### Instructions to follow
Scan the entries for "section". Every line that holds it is to be copied.
= = = = = = =
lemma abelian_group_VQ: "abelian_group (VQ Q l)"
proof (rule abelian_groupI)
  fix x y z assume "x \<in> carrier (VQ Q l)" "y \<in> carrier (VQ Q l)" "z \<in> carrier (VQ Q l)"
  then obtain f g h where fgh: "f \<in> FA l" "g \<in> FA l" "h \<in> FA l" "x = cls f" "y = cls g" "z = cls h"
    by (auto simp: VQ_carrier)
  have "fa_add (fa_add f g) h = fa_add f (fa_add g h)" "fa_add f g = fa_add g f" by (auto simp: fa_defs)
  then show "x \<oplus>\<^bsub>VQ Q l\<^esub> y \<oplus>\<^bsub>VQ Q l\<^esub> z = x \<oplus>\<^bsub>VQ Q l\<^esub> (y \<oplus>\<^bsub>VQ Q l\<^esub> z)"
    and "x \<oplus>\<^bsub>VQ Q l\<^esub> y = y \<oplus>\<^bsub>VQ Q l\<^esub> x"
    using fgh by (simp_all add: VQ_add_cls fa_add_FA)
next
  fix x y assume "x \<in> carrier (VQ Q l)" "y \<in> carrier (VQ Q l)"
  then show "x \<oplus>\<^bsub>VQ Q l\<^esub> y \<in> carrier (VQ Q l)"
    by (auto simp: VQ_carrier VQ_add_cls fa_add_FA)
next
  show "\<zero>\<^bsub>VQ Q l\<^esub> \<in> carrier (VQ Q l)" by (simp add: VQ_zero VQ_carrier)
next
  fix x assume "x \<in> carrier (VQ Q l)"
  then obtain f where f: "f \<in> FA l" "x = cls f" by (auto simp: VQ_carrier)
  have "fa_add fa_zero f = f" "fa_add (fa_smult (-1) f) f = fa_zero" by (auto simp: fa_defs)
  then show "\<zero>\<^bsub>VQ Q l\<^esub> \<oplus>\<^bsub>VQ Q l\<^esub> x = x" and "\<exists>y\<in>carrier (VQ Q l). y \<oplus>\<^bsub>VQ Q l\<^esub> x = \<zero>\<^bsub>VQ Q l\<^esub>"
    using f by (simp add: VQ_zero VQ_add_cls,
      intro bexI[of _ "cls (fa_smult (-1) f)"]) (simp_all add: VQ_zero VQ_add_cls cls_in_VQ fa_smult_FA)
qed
= = = = = = =
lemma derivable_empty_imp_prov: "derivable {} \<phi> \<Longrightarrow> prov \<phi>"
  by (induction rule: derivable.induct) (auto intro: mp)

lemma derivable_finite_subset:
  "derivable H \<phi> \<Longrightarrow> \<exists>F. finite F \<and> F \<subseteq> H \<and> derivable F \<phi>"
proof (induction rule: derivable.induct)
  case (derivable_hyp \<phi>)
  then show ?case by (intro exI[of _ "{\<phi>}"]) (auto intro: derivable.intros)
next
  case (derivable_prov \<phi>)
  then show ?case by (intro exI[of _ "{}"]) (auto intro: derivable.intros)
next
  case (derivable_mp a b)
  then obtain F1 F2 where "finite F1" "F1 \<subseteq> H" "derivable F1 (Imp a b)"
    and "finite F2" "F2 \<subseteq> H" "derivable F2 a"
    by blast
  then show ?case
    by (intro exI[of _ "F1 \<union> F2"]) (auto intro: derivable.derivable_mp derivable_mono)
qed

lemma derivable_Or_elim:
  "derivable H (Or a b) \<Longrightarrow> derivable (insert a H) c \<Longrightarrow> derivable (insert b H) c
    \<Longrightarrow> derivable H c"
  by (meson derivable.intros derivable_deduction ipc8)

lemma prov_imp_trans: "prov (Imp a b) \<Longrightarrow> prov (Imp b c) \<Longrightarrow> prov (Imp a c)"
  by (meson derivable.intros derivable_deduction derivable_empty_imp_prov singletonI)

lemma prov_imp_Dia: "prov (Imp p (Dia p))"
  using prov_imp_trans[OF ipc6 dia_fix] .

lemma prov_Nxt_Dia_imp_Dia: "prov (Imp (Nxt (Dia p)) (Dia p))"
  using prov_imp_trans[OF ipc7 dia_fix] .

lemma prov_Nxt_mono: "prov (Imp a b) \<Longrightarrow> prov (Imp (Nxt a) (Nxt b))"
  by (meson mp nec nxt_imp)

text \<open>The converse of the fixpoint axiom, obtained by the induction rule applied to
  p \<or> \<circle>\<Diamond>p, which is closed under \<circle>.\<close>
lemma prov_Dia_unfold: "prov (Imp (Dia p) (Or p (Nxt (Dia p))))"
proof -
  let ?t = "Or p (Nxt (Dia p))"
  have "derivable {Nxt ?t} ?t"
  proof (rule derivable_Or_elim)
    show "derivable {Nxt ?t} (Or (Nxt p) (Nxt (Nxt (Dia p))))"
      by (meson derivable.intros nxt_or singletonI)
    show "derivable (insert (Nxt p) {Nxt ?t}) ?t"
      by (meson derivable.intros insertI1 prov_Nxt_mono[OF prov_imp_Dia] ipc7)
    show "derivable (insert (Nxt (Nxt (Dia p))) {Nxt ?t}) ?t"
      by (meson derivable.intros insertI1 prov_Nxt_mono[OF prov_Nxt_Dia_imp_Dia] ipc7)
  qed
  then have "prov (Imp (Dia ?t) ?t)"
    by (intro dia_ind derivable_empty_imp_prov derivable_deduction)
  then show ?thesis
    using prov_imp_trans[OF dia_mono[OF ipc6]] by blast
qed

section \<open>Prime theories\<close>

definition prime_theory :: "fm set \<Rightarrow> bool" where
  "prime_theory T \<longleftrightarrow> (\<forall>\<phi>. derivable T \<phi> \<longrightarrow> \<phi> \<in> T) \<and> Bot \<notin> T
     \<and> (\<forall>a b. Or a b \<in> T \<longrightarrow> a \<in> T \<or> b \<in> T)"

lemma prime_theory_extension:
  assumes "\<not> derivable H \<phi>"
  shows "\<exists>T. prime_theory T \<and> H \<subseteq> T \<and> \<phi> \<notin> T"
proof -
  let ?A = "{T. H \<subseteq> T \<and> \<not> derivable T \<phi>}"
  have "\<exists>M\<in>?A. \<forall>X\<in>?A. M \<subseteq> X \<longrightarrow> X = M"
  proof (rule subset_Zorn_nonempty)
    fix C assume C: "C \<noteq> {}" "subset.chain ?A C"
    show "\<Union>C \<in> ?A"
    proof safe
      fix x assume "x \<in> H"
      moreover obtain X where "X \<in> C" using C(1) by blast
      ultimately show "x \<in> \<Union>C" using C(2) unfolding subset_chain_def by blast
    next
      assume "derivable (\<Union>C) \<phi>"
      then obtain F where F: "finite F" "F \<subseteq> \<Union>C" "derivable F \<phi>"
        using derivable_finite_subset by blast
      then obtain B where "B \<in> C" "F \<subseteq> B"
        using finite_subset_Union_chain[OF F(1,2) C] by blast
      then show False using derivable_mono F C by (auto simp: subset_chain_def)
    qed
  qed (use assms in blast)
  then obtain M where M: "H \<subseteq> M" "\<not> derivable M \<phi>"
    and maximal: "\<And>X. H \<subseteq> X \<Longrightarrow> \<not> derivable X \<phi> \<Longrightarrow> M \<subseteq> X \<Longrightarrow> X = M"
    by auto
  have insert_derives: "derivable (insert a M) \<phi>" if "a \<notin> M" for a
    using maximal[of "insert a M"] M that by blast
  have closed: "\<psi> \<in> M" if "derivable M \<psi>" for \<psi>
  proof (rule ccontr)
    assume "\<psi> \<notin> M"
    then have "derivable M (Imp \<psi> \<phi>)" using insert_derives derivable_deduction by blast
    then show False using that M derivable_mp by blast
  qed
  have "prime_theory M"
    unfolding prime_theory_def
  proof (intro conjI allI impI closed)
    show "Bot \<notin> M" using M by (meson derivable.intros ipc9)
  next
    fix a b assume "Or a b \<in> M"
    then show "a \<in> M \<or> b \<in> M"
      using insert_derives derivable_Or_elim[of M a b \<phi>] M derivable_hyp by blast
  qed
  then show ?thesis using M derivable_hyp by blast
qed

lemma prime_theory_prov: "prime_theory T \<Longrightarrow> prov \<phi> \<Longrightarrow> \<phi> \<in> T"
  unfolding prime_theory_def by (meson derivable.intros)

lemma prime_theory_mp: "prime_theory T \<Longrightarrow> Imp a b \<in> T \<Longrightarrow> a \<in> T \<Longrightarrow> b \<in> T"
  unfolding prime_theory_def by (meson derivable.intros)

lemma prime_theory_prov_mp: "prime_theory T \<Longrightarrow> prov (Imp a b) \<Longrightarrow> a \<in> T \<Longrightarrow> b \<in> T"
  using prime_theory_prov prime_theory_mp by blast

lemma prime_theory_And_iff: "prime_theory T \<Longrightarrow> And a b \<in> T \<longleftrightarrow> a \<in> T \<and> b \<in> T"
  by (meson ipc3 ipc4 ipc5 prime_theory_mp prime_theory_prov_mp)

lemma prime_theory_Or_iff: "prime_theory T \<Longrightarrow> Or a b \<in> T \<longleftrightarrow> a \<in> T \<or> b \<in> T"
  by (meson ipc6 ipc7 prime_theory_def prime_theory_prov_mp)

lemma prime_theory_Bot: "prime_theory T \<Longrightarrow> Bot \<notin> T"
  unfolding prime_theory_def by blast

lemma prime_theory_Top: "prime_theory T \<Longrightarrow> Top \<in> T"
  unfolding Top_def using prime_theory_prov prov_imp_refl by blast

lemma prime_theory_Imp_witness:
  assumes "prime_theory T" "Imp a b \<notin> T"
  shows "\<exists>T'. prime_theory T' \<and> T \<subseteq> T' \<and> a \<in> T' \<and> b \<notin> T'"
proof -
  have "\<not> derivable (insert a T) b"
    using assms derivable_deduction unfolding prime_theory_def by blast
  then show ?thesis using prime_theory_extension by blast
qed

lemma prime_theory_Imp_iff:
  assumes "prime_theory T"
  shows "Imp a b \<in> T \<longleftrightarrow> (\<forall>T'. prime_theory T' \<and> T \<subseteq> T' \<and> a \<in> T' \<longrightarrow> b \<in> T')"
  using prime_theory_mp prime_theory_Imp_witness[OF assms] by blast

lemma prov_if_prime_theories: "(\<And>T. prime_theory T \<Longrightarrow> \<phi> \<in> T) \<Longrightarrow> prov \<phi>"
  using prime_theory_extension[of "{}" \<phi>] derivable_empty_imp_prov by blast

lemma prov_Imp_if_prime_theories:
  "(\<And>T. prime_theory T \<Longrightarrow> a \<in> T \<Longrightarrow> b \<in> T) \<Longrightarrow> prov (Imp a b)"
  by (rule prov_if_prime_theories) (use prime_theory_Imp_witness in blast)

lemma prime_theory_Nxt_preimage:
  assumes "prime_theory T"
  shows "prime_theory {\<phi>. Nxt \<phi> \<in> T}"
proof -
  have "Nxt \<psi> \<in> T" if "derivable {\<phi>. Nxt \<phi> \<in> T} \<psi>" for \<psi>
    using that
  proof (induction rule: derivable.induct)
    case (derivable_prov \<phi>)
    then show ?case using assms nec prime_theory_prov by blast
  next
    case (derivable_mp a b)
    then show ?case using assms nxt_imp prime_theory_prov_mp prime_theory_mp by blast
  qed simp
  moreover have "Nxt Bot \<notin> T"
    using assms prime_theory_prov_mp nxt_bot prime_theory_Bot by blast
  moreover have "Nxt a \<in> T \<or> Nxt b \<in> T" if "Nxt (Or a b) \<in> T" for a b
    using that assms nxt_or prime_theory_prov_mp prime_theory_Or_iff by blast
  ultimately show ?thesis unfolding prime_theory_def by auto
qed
= = = = = = =
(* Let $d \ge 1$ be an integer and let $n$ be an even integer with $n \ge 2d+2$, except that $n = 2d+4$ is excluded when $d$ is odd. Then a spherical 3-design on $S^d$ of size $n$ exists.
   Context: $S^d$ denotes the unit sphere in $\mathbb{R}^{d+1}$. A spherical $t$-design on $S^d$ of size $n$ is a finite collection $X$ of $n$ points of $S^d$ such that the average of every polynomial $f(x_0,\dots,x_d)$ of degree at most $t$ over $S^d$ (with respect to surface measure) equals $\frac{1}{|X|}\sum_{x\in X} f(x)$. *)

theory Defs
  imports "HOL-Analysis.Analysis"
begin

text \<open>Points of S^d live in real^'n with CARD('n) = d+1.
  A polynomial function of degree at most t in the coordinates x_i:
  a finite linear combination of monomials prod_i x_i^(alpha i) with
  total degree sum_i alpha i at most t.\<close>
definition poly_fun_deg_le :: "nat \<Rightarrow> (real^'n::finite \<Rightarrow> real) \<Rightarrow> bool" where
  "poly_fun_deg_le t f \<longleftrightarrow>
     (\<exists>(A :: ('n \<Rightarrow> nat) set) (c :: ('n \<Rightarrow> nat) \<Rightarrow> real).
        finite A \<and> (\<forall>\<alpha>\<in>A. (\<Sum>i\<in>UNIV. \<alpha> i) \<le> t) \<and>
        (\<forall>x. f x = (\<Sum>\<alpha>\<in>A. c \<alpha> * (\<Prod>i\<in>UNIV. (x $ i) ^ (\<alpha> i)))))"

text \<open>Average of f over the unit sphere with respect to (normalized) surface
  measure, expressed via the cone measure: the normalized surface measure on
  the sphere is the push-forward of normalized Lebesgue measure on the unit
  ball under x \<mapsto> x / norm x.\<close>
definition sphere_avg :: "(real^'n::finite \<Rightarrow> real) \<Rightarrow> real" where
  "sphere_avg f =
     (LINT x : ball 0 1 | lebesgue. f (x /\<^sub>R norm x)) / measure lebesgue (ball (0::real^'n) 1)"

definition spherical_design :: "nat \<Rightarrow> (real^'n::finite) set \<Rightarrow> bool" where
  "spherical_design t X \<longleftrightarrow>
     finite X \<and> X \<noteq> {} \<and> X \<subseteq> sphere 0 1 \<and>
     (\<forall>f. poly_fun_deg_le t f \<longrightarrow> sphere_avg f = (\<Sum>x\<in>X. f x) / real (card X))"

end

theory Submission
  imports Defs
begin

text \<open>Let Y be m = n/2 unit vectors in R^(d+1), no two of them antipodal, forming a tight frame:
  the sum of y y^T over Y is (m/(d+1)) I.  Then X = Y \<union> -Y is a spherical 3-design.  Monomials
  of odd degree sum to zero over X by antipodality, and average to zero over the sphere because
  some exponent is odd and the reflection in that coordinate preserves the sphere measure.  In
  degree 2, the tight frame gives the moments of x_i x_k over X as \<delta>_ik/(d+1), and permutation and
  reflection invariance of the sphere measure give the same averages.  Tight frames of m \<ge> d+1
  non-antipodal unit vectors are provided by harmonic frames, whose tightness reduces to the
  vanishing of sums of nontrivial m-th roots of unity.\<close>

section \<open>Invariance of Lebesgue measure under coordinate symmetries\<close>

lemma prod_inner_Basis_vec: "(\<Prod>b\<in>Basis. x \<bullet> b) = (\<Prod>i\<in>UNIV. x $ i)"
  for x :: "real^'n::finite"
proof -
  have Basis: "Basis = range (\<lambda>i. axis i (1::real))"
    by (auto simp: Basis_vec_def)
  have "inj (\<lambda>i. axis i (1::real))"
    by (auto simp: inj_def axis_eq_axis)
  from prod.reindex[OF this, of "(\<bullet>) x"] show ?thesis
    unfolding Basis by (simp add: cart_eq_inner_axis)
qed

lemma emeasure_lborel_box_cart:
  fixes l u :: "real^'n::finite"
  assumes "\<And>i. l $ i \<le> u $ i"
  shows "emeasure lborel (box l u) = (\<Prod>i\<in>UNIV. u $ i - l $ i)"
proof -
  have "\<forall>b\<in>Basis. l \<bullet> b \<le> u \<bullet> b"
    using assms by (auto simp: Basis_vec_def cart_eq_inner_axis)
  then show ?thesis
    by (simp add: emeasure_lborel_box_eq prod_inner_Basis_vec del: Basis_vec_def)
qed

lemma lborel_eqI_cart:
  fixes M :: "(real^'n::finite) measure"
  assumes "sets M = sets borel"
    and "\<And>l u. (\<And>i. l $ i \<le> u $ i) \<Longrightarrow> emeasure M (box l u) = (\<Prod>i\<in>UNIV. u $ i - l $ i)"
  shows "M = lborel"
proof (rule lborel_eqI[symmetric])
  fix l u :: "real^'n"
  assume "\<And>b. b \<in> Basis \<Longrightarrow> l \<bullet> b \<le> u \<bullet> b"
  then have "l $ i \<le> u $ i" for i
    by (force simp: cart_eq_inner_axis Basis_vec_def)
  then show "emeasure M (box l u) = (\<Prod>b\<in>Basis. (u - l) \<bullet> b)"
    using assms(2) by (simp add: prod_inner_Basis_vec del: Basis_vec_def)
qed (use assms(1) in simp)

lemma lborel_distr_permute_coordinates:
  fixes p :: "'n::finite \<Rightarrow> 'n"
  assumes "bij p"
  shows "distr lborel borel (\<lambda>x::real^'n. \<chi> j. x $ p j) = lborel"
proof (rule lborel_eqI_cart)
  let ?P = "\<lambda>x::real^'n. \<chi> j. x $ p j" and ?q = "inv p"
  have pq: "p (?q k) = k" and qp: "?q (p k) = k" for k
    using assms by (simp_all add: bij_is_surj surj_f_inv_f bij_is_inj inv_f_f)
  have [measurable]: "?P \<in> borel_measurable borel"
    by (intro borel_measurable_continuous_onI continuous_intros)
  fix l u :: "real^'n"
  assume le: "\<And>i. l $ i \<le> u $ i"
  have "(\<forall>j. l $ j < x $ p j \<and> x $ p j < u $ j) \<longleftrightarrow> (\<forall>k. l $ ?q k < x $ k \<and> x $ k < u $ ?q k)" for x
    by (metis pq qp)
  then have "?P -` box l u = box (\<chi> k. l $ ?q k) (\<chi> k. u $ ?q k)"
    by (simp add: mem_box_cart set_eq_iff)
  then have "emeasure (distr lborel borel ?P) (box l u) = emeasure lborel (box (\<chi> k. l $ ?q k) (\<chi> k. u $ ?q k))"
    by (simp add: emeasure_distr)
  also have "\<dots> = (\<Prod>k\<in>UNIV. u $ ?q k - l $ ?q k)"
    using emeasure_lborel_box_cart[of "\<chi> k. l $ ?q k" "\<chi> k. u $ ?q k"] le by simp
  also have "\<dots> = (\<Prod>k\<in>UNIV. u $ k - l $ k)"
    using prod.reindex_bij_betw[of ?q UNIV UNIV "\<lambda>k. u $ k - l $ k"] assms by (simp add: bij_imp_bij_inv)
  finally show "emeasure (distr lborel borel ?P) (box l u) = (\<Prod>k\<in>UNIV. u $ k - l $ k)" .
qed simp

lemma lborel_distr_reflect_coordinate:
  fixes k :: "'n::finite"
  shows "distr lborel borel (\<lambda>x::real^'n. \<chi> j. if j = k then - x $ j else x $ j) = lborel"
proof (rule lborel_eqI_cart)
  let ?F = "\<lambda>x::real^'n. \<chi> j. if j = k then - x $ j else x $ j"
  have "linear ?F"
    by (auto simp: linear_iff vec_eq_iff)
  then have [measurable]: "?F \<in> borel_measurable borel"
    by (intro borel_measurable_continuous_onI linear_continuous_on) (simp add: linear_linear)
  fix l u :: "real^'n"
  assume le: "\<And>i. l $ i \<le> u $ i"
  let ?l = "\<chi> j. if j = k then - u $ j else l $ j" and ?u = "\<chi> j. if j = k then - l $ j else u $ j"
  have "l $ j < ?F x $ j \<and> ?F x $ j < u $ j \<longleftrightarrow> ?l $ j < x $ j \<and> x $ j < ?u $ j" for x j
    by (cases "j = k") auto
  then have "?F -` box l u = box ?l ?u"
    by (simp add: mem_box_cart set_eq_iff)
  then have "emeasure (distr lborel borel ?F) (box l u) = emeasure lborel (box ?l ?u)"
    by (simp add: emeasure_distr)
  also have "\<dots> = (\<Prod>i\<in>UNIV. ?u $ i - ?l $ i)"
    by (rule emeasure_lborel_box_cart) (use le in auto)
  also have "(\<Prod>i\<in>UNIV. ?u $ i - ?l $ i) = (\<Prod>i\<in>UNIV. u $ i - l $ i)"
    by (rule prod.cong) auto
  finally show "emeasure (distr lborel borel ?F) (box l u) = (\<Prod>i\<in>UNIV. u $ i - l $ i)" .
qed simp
= = = = = = =
### Answer for the task
section \<open>Prime theories\<close>
section \<open>Invariance of Lebesgue measure under coordinate symmetries\<close>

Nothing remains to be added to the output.